Hackers stole source code from US government agencies and private companies

The Federal Bureau of Investigation (FBI) sent a warning last October to the security services of companies and government organizations.

The document leaked last week claims unknown hackers took advantage of a vulnerability on the SonarQube code verification platform to get access to source code repositories. This leads to source code leaks from government agencies and private companies.

The FBI alert warned SonarQube owners, a web application that companies integrate into their software build chains to test source code and discover security holes before releasing code and applications in production environments.

Hackers take advantage of known configuration vulnerabilities, allowing them to access proprietary code, exfiltrate it, and publish data. The FBI has identified multiple potential computer intrusions that correlate with leaks associated with SonarQube configuration vulnerabilities.

The applications of SonarQube are installed on web servers and connect to code hosting systems source such as BitBucket, GitHub or GitLab accounts, or Azure DevOps systems.

According to the FBI, some companies have left these systems unprotected, running with its default settings (on port 9000) and default administration credentials (admin / admin). Hackers have abused misconfigured SonarQube applications since at least April 2020.

“Since April 2020, unidentified doks have been actively targeting vulnerable SonarQube instances to gain access to source code repositories from US government agencies and private companies.

Hackers exploit known configuration vulnerabilities, allowing them to access proprietary code, exfiltrate it, and display data publicly. The FBI has identified multiple potential computer intrusions that correlate with leaks associated with vulnerabilities in the SonarQube configuration, ”the FBI document reads.

The officials of FBI Say Threat Hackers Abused These Incorrect Settings to access SonarQube instances, switch to connected source code repositories, and then access and steal proprietary or private / sensitive applications. FBI officials backed up their alert by providing two examples of past incidents that took place in previous months:

“In August 2020, they revealed internal data for two organizations through a public lifecycle repository tool. The stolen data came from SonarQube instances using default port settings and administrative credentials running on the affected organizations' networks.

“This activity is similar to a previous data breach in July 2020, in which an identified cyber actor exfiltrated the company's source code through poorly secured SonarQube instances and published the exfiltrated source code to a self-hosted public repository. . «, 

FBI alert touches on little-known topic by software developers and security researchers.
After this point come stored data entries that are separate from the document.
(* There exists an infinite strongly 3-separating set $M_\infty\subseteq\mathbb{N}$ with $1\in M_\infty$.
   Context: $\mathbb{N}=\{1,2,3,\dots\}$. A set $M\subseteq\mathbb{N}$ is 3-separating if $|M|\geq 3$ and for any two triples $(m_1,m_2,m_3)$ and $(n_1,n_2,n_3)$, each consisting of three distinct elements of $M$, we have $n_2(m_3-m_1)=n_1(m_3-m_2)+n_3(m_2-m_1)$ if and only if $(m_1,m_2,m_3)=(n_1,n_2,n_3)$. A set $M$ is strongly 3-separating if it is 3-separating and moreover for any two pairs $(m_1,m_2)$, $(n_1,n_2)$, each consisting of two distinct elements of $M$, we have $m_1-m_2+n_2-n_1=0$ if and only if $(m_1,m_2)=(n_1,n_2)$. *)

theory Defs
  imports Main
begin

text \<open>Subsets of the positive naturals are modelled as sets M of type nat set with 0 not in M.
  The cardinality condition |M| >= 3 is read as: M infinite or card M >= 3.
  Arithmetic is carried out in the integers.\<close>

definition three_separating :: "nat set \<Rightarrow> bool" where
  "three_separating M \<longleftrightarrow>
     0 \<notin> M \<and> (infinite M \<or> 3 \<le> card M) \<and>
     (\<forall>m1\<in>M. \<forall>m2\<in>M. \<forall>m3\<in>M. \<forall>n1\<in>M. \<forall>n2\<in>M. \<forall>n3\<in>M.
        m1 \<noteq> m2 \<and> m1 \<noteq> m3 \<and> m2 \<noteq> m3 \<and> n1 \<noteq> n2 \<and> n1 \<noteq> n3 \<and> n2 \<noteq> n3 \<longrightarrow>
        (int n2 * (int m3 - int m1) = int n1 * (int m3 - int m2) + int n3 * (int m2 - int m1)
          \<longleftrightarrow> (m1, m2, m3) = (n1, n2, n3)))"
While the cybersecurity industry has often warned of dangerss from leaving MongoDB or Elasticsearch databases exposed online without a password, SonarQube has escaped surveillance.

In fact, Researchers have often found instances of MongoDB or Elasticsearch en línea that expose data over tens of millions of unprotected clients.

For example, in January 2019, Justin Paine, a security researcher, discovered a misconfigured online Elasticsearch database, exposing a significant number of customer records at the mercy of attackers who discovered the vulnerability.

Information on more than 108 million bets, including details of users' personal information, belonged to customers of a group of online casinos.

However, aSome security researchers have warned since May 2018 of the same dangers when companies leave SonarQube applications exposed online with default credentials.

At the time, the cybersecurity consultant who focuses on finding data breaches, Bob Diachenko, warned that around 30-40% of the roughly 3,000 SonarQube instances available online at the time had no password or authentication mechanism activated.

Source: https://blog.sonarsource.com

The content of the article adheres to our principles of editorial ethics. To report an error click here!.

Be the first to comment

Leave a Comment

Your email address will not be published.



  1. Responsible for the data: Miguel Ángel Gatón
  2. Purpose of the data: Control SPAM, comment management.
  3. Legitimation: Your consent
  4. Communication of the data: The data will not be communicated to third parties except by legal obligation.
  5. Data storage: Database hosted by Occentus Networks (EU)
  6. Rights: At any time you can limit, recover and delete your information.